Oral Semaglutide 25 mg Shows Cardiometabolic Benefits Beyond Weight Loss in OASIS 4 Analysis

Investigational oral semaglutide 25 mg improved glycemic parameters and cardiovascular risk factors across multiple categories of weight loss in adults with overweight or obesity, according to post hoc analyses from the OASIS 4 phase 3 trial presented at ObesityWeek 2025 in Atlanta.

In the overall OASIS 4 trial population, a greater proportion of participants with prediabetes at baseline (71.1%) achieved normoglycemia at week 64 with oral semaglutide compared with those receiving placebo (33.3%). Participants treated with oral semaglutide 25 mg were more likely to achieve body weight reduction of 15% or more compared with placebo, and those who reached this threshold demonstrated greater improvements in blood pressure, inflammatory markers, and lipid profiles.

Cardiometabolic Markers Improved

The cardiometabolic analysis examined how the magnitude of weight loss affected glycemic control and cardiovascular risk factors. Participants achieving ≥15% body weight reduction showed larger reductions in systolic blood pressure (−10.1 mmHg versus −4.1 mmHg in those with <15% weight loss) and diastolic blood pressure (−4.3 mmHg versus −1.1 mmHg). C-reactive protein levels decreased more substantially in the higher weight loss group (ratio to baseline: 0.34 versus 0.74), as did non-HDL cholesterol (0.90 versus 0.96) and triglycerides (0.73 versus 0.87).

"It's exciting to see these new results from the cardiometabolic post hoc analysis, which showed that while benefits were most pronounced in people who achieved greater than 15% weight loss, clear improvements in glycemic parameters and CV risk factors were observed in patients taking [semaglutide], regardless of how much weight was lost, based on the groups observed," Domenica Rubino, MD, trial investigator and Director of the Washington Center for Weight Management and Research in Washington, DC, said in a statement.

Comparable Efficacy to Injectable Formulation

An indirect treatment comparison between oral semaglutide in the OASIS 4 and injectable semaglutide in the STEP 1 trial demonstrated comparable outcomes. Key endpoints including the proportion of patients achieving 5% or more, 10% or more, 15% or more, and 20% or more reductions in body weight, changes in cardiometabolic markers, and quality of life scores were similar across the formulations in their respective trials.

A pooled analysis of OASIS 4 and STEP trials showed consistent weight loss efficacy regardless of menopausal status. Pre-menopausal women lost an average of 18.2% body weight over 64 weeks, while peri-menopausal and post-menopausal women lost 15.0% and 15.7%, respectively. The percentage achieving >15% weight loss ranged from 53.4% to 58.1% across menopausal stages.

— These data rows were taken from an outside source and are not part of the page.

lemma eps_left_unit: "g \<in> carrier G \<Longrightarrow> x \<in> S g \<Longrightarrow> eps G S g * x = x"
proof -
  assume g: "g \<in> carrier G" and "x \<in> S g"
  then have "x \<in> setmul (setmul (S g) (S (inv g))) (S g)" using symmetric by simp
  then show ?thesis
  proof (induction rule: setmul_induct)
    case (prod a b) then show ?case using eps_mult_left[OF g] by (simp add: mult.assoc[symmetric])
  qed (auto simp: distrib_left)
qed

lemma eps_inv_right_unit: "g \<in> carrier G \<Longrightarrow> x \<in> S g \<Longrightarrow> x * eps G S (inv g) = x"
proof -
  assume g: "g \<in> carrier G" and "x \<in> S g"
  then have "x \<in> setmul (S g) (setmul (S (inv g)) (S (inv (inv g))))"
    using symmetric[OF g] by (simp add: setmul_assoc)
  then show ?thesis
  proof (induction rule: setmul_induct)
    case (prod a b) then show ?case using eps_mult_right[of "inv g"] g by (simp add: mult.assoc)
  qed (auto simp: distrib_right)
qed

lemma eps_in_S_one: "g \<in> carrier G \<Longrightarrow> eps G S g \<in> S \<one>"
proof -
  assume g: "g \<in> carrier G"
  have "setmul (S g) (S (inv g)) \<subseteq> S (g \<otimes> inv g)"
    using graded g unfolding graded_def by (meson inv_closed)
  then show ?thesis using eps_mem[OF g] g by auto
qed

lemma S_one_mult_left:
  assumes g: "g \<in> carrier G" and x: "x \<in> S \<one>" and y: "y \<in> setmul (S g) (S (inv g))"
  shows "x * y \<in> setmul (S g) (S (inv g))"
  using y
proof (induction rule: setmul_induct)
  case (prod a b)
  have "x * a \<in> S g" using S_mult[of \<one> g x a] g x prod by simp
  then show ?case using prod by (simp add: mult.assoc[symmetric] setmul_memI)
qed (auto simp: distrib_left intro: setmul_add)

lemma S_one_mult_right:
  assumes g: "g \<in> carrier G" and x: "x \<in> S \<one>" and y: "y \<in> setmul (S g) (S (inv g))"
  shows "y * x \<in> setmul (S g) (S (inv g))"
  using y
proof (induction rule: setmul_induct)
  case (prod a b)
  have "b * x \<in> S (inv g)" using S_mult[of "inv g" \<one> b x] g x prod by simp
  then show ?case using prod by (simp add: mult.assoc setmul_memI)
qed (auto simp: distrib_right intro: setmul_add)
lemma admissible_SucI:
  assumes IH: "admissible m L K"
    and G: "2 * real (Suc m) * c_norm * eta ^ L \<le> eta ^ G"
    and window: "window_admissible (Suc m) (m * G) L\<^sub>w K\<^sub>w"
    and L\<^sub>0: "\<And>n. eta powr (real n - real L\<^sub>0) \<le> Suc m * c_norm * eta ^ n"
  shows "admissible (Suc m) (max L\<^sub>w L\<^sub>0) (max K K\<^sub>w)"
  unfolding admissible_def
proof (intro allI impI)
  fix J :: "nat set" and eps :: "nat \<Rightarrow> int" and ix :: "nat \<Rightarrow> nat"
  assume fin: "finite J" and card: "card J \<le> Suc m"
    and ix: "\<forall>j\<in>J. eps j \<in> {-1, 1} \<and> max K K\<^sub>w < ix j"
  show "zero_or_large (max L\<^sub>w L\<^sub>0) J eps ix"
  proof (cases "J = {}")
    case True
    then show ?thesis by (simp add: zero_or_large_def signed_sum_def)
  next
    case False
    obtain I N where I: "I \<subseteq> J" "I \<noteq> {}" "Min (ix ` I) = Min (ix ` J)"
      and N: "Min (ix ` J) \<le> N" "N \<le> Min (ix ` J) + m * G"
      and low: "\<forall>j\<in>I. ix j \<le> N" and high: "\<forall>j\<in>J - I. N + G < ix j"
      using exists_gap_split[OF fin False card, of ix G] by blast
    have "finite I" "card I \<le> Suc m"
      using fin card card_mono[OF fin I(1)] I(1) by (auto dest: finite_subset)
    have ix_I: "\<forall>j\<in>I. eps j \<in> {-1, 1} \<and> max K K\<^sub>w < ix j"
      using ix I(1) by blast
    have "card (J - I) < card J"
      using fin I(1,2) by (intro psubset_card_mono) auto
    then have "zero_or_large L (J - I) eps ix"
      using IH ix card fin unfolding admissible_def by auto
    then consider
        (vanishing) "signed_sum a (J - I) eps ix = 0" "signed_sum (power eta) (J - I) eps ix = 0"
      | (large) "J - I \<noteq> {}"
          "eta powr (real (Min (ix ` (J - I))) - real L) \<le> \<bar>signed_sum a (J - I) eps ix\<bar>"
      unfolding zero_or_large_def by (cases "J - I = {}") (auto simp: signed_sum_def)
    then show ?thesis
    proof cases
      case vanishing
      have "\<forall>j\<in>I. eps j \<in> {-1, 1} \<and> K\<^sub>w < ix j \<and> ix j \<le> Min (ix ` I) + m * G"
        using ix_I I(3) N(2) low by auto
      with window \<open>finite I\<close> \<open>card I \<le> Suc m\<close> have "zero_or_large L\<^sub>w I eps ix"
        unfolding window_admissible_def by blast
      then have "zero_or_large L\<^sub>w J eps ix"
        by (rule zero_or_large_vanishing_rest[OF _ fin I(1,2) vanishing])
      then show ?thesis by (rule zero_or_large_mono) simp
    next
      case large
      have "N + G \<le> Min (ix ` (J - I))"
        using large(1) fin high by (auto intro: less_imp_le)
      moreover have "\<forall>j\<in>I. \<bar>eps j\<bar> \<le> 1 \<and> ix j \<le> N"
        using ix_I low by auto
      ultimately have "Suc m * c_norm * eta ^ N \<le> \<bar>signed_sum a J eps ix\<bar>"
        using dominant_rest_lower_bound[OF G \<open>card I \<le> Suc m\<close> _ _ large(2)]
        by (simp add: signed_sum_subset_diff[OF fin I(1)])
      moreover have "Suc m * c_norm * eta ^ Min (ix ` J) \<le> Suc m * c_norm * eta ^ N"
        using N(1) c_norm_pos eta_gt_1 by (intro mult_left_mono power_increasing) auto
      ultimately have "zero_or_large L\<^sub>0 J eps ix"
        using L\<^sub>0[of "Min (ix ` J)"] unfolding zero_or_large_def by linarith
      then show ?thesis by (rule zero_or_large_mono) simp
    qed
  qed
qed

Improved Physical Function

In participants who self-reported low physical function at baseline using the Patient Global Impressions of Status questionnaire, 77.3% taking oral semaglutide 25 mg achieved meaningful improvement in physical function scores at 64 weeks versus 42.9% taking placebo.

Consistent Safety Profile

The safety and tolerability profile of the oral GLP-1 formulation aligned with that of injectable semaglutide. Gastrointestinal adverse events were generally mild to moderate in severity and transient. Nausea occurred in 46.6% of patients on oral semaglutide versus 18.6% on placebo, while vomiting affected 30.9% versus 5.9%. Adverse events leading to permanent discontinuation occurred in 6.9% of patients on oral semaglutide and 5.9% on placebo. Serious adverse events were about half as common among the participants taking oral semaglutide (3.9%) as in the group taking placebo (8.8%), according to Novo Nordisk.

"The OASIS 4 results that we are sharing at this important meeting build on existing clinical trial evidence for oral semaglutide and extend findings beyond weight loss to suggested improvements in overall health," Martin Holst Lange, chief scientific officer and executive vice president of Research & Development at Novo Nordisk, said in the statement.

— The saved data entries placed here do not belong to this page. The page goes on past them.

lemma robin_eigenvalues_below_second:
  fixes c a alpha h1 r :: real
  assumes a: "0 < a" and alpha: "0 < alpha"
    and h1: "0 < h1" "h1 < pi/2" "h1 * sin h1 = a * alpha / 2 * cos h1"
    and r: "0 < r" "r < pi/2" "(pi/2 + r) * sin r = a * alpha / 2 * cos r"
  shows "{mu. robin_eigenvalue c a alpha mu \<and> mu < ((pi + 2*r) / a)^2} = {(2 * h1 / a)^2}"
proof (intro equalityI subsetI)
  define b where "b = a * alpha / 2"
  have b: "0 < b" using a alpha by (simp add: b_def)
  fix mu assume "mu \<in> {mu. robin_eigenvalue c a alpha mu \<and> mu < ((pi + 2*r) / a)^2}"
  then have ev: "robin_eigenvalue c a alpha mu" and below: "mu < ((pi + 2*r) / a)^2" by auto
  define h where "h = a * sqrt mu / 2"
  have "0 < mu" using robin_eigenvalue_pos[OF a alpha ev] .
  then have mu: "mu = (2 * h / a)^2" and "0 < h" using a by (simp_all add: h_def)
  have "(2 * h / a)^2 < ((pi + 2*r) / a)^2" using below unfolding mu .
  moreover have "0 \<le> (pi + 2*r) / a" using a r by simp
  ultimately have "2 * h / a < (pi + 2*r) / a" by (rule power_less_imp_less_base)
  then have "h < pi/2 + r" using a by (simp add: field_simps)
  moreover have "(b * cos h - h * sin h) * (b * sin h + h * cos h) = 0"
    using ev robin_eigenvalue_half_angle_iff[OF a \<open>0 < h\<close>] unfolding mu b_def by simp
  ultimately obtain p where p: "p = 0 \<or> p = pi/2" "0 < h - p" "h - p < pi/2"
    "h * sin (h - p) = b * cos (h - p)"
    using half_angle_char_root_shift[OF b \<open>0 < h\<close>] r by auto
  show "mu \<in> {(2 * h1 / a)^2}"
  proof (cases "p = 0")
    case True
    then have "h = h1" using shifted_tan_root_unique[of 0 h h1 b] p h1 by (simp add: b_def)
    then show ?thesis using mu by simp
  next
    case False
    with p(1) have "p = pi/2" by simp
    have "h - pi/2 = r"
    proof (rule shifted_tan_root_unique[where p = "pi/2" and b = b])
      show "(pi/2 + (h - pi/2)) * sin (h - pi/2) = b * cos (h - pi/2)"
        using p(4) \<open>p = pi/2\<close> by simp
      show "(pi/2 + r) * sin r = b * cos r" using r(3) by (simp add: b_def)
    qed (use p(2,3) \<open>p = pi/2\<close> r in auto)
    then show ?thesis using \<open>h < pi/2 + r\<close> by simp
  qed
next
  fix mu assume "mu \<in> {(2 * h1 / a)^2}"
  then have mu: "mu = (2 * h1 / a)^2" by simp
  have "robin_eigenvalue c a alpha mu"
    unfolding mu robin_eigenvalue_half_angle_iff[OF a h1(1)] using h1 by simp
  moreover have "2 * h1 / a < (pi + 2*r) / a" using a h1 r by (simp add: divide_strict_right_mono)
  then have "mu < ((pi + 2*r) / a)^2" unfolding mu using h1 a by (intro power_strict_mono) auto
  ultimately show "mu \<in> {mu. robin_eigenvalue c a alpha mu \<and> mu < ((pi + 2*r) / a)^2}" by simp
qed

lemma robin_lambda2_eq:
  fixes c a alpha :: real
  assumes a: "0 < a" and alpha: "0 < alpha"
  obtains r where "0 < r" "r < pi/2" "a * alpha * cos r = (pi + 2*r) * sin r"
    "robin_lambda2 c a alpha = ((pi + 2*r) / a)^2"
proof -
  have b: "0 < a * alpha / 2" using a alpha by simp
  obtain h1 where h1: "0 < h1" "h1 < pi/2" "(0 + h1) * sin h1 = a * alpha / 2 * cos h1"
    using shifted_tan_root_exists[OF order.refl b] .
  obtain r where r: "0 < r" "r < pi/2" "(pi/2 + r) * sin r = a * alpha / 2 * cos r"
    using shifted_tan_root_exists[OF _ b, of "pi/2"] by auto
  have "a * alpha / 2 * sin (pi/2 + r) + (pi/2 + r) * cos (pi/2 + r) = 0"
    using r(3) by (simp add: sin_add cos_add)
  then have "robin_eigenvalue c a alpha ((2 * (pi/2 + r) / a)^2)"
    using robin_eigenvalue_half_angle_iff[OF a, of "pi/2 + r" c alpha] r by (simp add: add_pos_pos)
  moreover have "{mu. robin_eigenvalue c a alpha mu \<and> mu < ((pi + 2*r) / a)^2} = {(2 * h1 / a)^2}"
    using robin_eigenvalues_below_second[OF a alpha _ _ _ r] h1 by simp
  ultimately have "robin_lambda2 c a alpha = ((pi + 2*r) / a)^2"
    unfolding robin_lambda2_def by (intro the_second_least_eq) (simp_all add: algebra_simps)
  then show thesis using that[of r] r by (simp add: algebra_simps)
qed

lemma char_root_lower_bound:
  fixes a alpha r :: real
  assumes a: "0 < a" and alpha: "0 < alpha" and r: "0 < r" "r < pi/2"
    and char: "a * alpha * cos r = (pi + 2*r) * sin r"
  shows "(2*pi - a*alpha + sqrt (4*pi^2 + 12*a*alpha*pi + alpha^2*a^2))^2 / (16*a^2)
           \<le> ((pi + 2*r) / a)^2"
proof -
  define m where "m = a * alpha"
  have "0 < m" using a alpha by (simp add: m_def)
  have "m * (pi - 2*r) * cos r = (pi - 2*r) * (a * alpha * cos r)" by (simp add: m_def)
  also have "\<dots> = 2 * (pi + 2*r) * ((pi/2 - r) * sin r)" unfolding char by (simp add: algebra_simps)
  also have "\<dots> \<le> 2 * (pi + 2*r) * (2 * r * cos r)"
    using pi_half_minus_x_sin_le_2x_cos[OF r] r by (intro mult_left_mono) auto
  finally have "m * (pi - 2*r) * cos r \<le> (4 * r * (pi + 2*r)) * cos r" by (simp add: algebra_simps)
  then have key: "m * (pi - 2*r) \<le> 4 * r * (pi + 2*r)" using cos_gt_zero[of r] r by simp
  define D where "D = 4*pi^2 + 12*m*pi + m^2"
  have "(2*pi + 8*r + m)^2 - D = 8 * (4 * r * (pi + 2*r) - m * (pi - 2*r))"
    by (simp add: D_def power2_eq_square algebra_simps)
  then have "sqrt D \<le> 2*pi + 8*r + m"
    using key r \<open>0 < m\<close> by (intro real_le_lsqrt) auto
  moreover have "(m - 2*pi)^2 \<le> D"
    using \<open>0 < m\<close> by (simp add: D_def power2_eq_square algebra_simps)
  then have "m - 2*pi \<le> sqrt D" by (rule real_le_rsqrt)
  ultimately have "(2*pi - m + sqrt D)^2 \<le> (4 * (pi + 2*r))^2" by (intro power_mono) auto
  then have "(2*pi - m + sqrt D)^2 / (16*a^2) \<le> (4 * (pi + 2*r))^2 / (16*a^2)"
    by (intro divide_right_mono) auto
  also have "\<dots> = ((pi + 2*r) / a)^2" using a by (simp add: power2_eq_square field_simps)
  finally show ?thesis by (simp add: D_def m_def power2_eq_square algebra_simps)
qed

lemma char_root_upper_bound_small_coupling:
  fixes a alpha r :: real
  assumes a: "0 < a" and r: "0 < r" "r < pi/2"
    and char: "a * alpha * cos r = (pi + 2*r) * sin r"
  shows "((pi + 2*r) / a)^2 \<le> (pi/(2*a) + sqrt (pi^2/(4*a^2) + 2*alpha/a))^2"
proof -
  have "(pi + 2*r) * (r * cos r) \<le> (pi + 2*r) * sin r"
    using x_cos_le_sin[of r] r by (intro mult_left_mono) auto
  then have "(r * (pi + 2*r)) * cos r \<le> (a * alpha) * cos r" unfolding char by (simp add: algebra_simps)
  then have key: "r * (pi + 2*r) \<le> a * alpha" using cos_gt_zero[of r] r by simp
  have "((pi/2 + 2*r) / a)^2 = (pi^2/4 + 2 * (r * (pi + 2*r))) / a^2"
    by (simp add: power2_eq_square field_simps)
  also have "\<dots> \<le> (pi^2/4 + 2 * (a * alpha)) / a^2" using key by (intro divide_right_mono) auto
  also have "\<dots> = pi^2/(4*a^2) + 2*alpha/a" using a by (simp add: power2_eq_square field_simps)
  finally have "(pi/2 + 2*r) / a \<le> sqrt (pi^2/(4*a^2) + 2*alpha/a)" by (rule real_le_rsqrt)
  moreover have "(pi + 2*r) / a = pi/(2*a) + (pi/2 + 2*r) / a" using a by (simp add: field_simps)
  ultimately show ?thesis using a r by (intro power_mono) auto
qed

lemma char_root_upper_bound_large_coupling:
  fixes a alpha r :: real
  assumes a: "0 < a" and alpha: "0 < alpha" and r: "0 < r" "r < pi/2"
    and char: "a * alpha * cos r = (pi + 2*r) * sin r"
  shows "((pi + 2*r) / a)^2
           \<le> pi^2/(16*a^4*alpha^2) * (4*a*alpha - pi^2 + sqrt (pi^4 + 16*a^2*alpha^2))^2"
proof -
  define m where "m = a * alpha"
  have "0 < m" using a alpha by (simp add: m_def)
  have "pi^3 * r * cos r \<le> (pi^2 - 4*r^2) * (m * cos r)"
    using pi_cube_x_cos_le_poly_sin[OF r] char unfolding m_def by (simp add: algebra_simps)
  then have "(r * pi^3) * cos r \<le> (m * (pi^2 - 4*r^2)) * cos r" by (simp add: algebra_simps)
  then have key: "r * pi^3 \<le> m * (pi^2 - 4*r^2)" using cos_gt_zero[of r] r by simp
  define S where "S = sqrt (pi^4 + 16*m^2)"
  have "pi^2 * (pi^4 + 16*m^2) - (8*m*r + pi^3)^2 = 16 * m * (m * (pi^2 - 4*r^2) - r * pi^3)"
    by (simp add: power2_eq_square power3_eq_cube power4_eq_xxxx algebra_simps)
  moreover have "0 \<le> 16 * m * (m * (pi^2 - 4*r^2) - r * pi^3)" using key \<open>0 < m\<close> by simp
  ultimately have "(8*m*r + pi^3)^2 \<le> pi^2 * (pi^4 + 16*m^2)" by linarith
  then have "8*m*r + pi^3 \<le> sqrt (pi^2 * (pi^4 + 16*m^2))" by (rule real_le_rsqrt)
  then have "8*m*r + pi^3 \<le> pi * S" by (simp add: S_def real_sqrt_mult)
  then have "4*m*(pi + 2*r) \<le> pi * (4*m - pi^2 + S)"
    by (simp add: algebra_simps power2_eq_square power3_eq_cube)
  then have "4*m*(pi + 2*r) / (4*a*m) \<le> pi * (4*m - pi^2 + S) / (4*a*m)"
    using a \<open>0 < m\<close> by (intro divide_right_mono) auto
  then have "(pi + 2*r) / a \<le> pi * (4*m - pi^2 + S) / (4*a*m)" using \<open>0 < m\<close> by simp
  then have "((pi + 2*r) / a)^2 \<le> (pi * (4*m - pi^2 + S) / (4*a*m))^2"
    using a r by (intro power_mono) auto
  also have "\<dots> = pi^2/(16*a^4*alpha^2) * (4*m - pi^2 + S)^2"
    using a alpha by (simp add: m_def power2_eq_square power4_eq_xxxx field_simps)
  also have "S = sqrt (pi^4 + 16*a^2*alpha^2)" by (simp add: S_def m_def power_mult_distrib)
  finally show ?thesis by (simp add: m_def mult.assoc)
qed

theorem propositionA2:
  fixes c a alpha :: real
  assumes "a > 0" and "alpha > 0"
  shows "(2*pi - a*alpha + sqrt (4*pi^2 + 12*a*alpha*pi + alpha^2*a^2))^2 / (16*a^2)
           \<le> robin_lambda2 c a alpha
    \<and> (a*alpha \<le> pi^2/2 \<longrightarrow>
           robin_lambda2 c a alpha \<le> (pi/(2*a) + sqrt (pi^2/(4*a^2) + 2*alpha/a))^2)
    \<and> (a*alpha \<ge> pi^2/2 \<longrightarrow>
           robin_lambda2 c a alpha
             \<le> pi^2/(16*a^4*alpha^2) * (4*a*alpha - pi^2 + sqrt (pi^4 + 16*a^2*alpha^2))^2)"
proof -
  obtain r where r: "0 < r" "r < pi/2" and char: "a * alpha * cos r = (pi + 2*r) * sin r"
    and lambda2: "robin_lambda2 c a alpha = ((pi + 2*r) / a)^2"
    using robin_lambda2_eq[OF assms, of c] .
  show ?thesis
    unfolding lambda2
    using char_root_lower_bound[OF assms r char]
      char_root_upper_bound_small_coupling[OF assms(1) r char]
      char_root_upper_bound_large_coupling[OF assms r char]
    by simp
qed

end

The OASIS 4 trial enrolled 307 participants with BMI of 30 kg/m² or greater or BMI of 27 kg/m² or greater with weight-related comorbidities, excluding those with diabetes. Participants were randomly assigned to once-daily oral semaglutide 25 mg or placebo, alongside lifestyle intervention for 64 weeks. Several of the analyses presented at ObesityWeek 2025 were exploratory post hoc evaluations that require further validation.

Novo Nordisk submitted a New Drug Application to the FDA in May 2025 for oral semaglutide 25 mg. The agency's review is expected to be completed by the end of 2025. If approved, this would be the first oral GLP-1 receptor agonist for chronic weight management.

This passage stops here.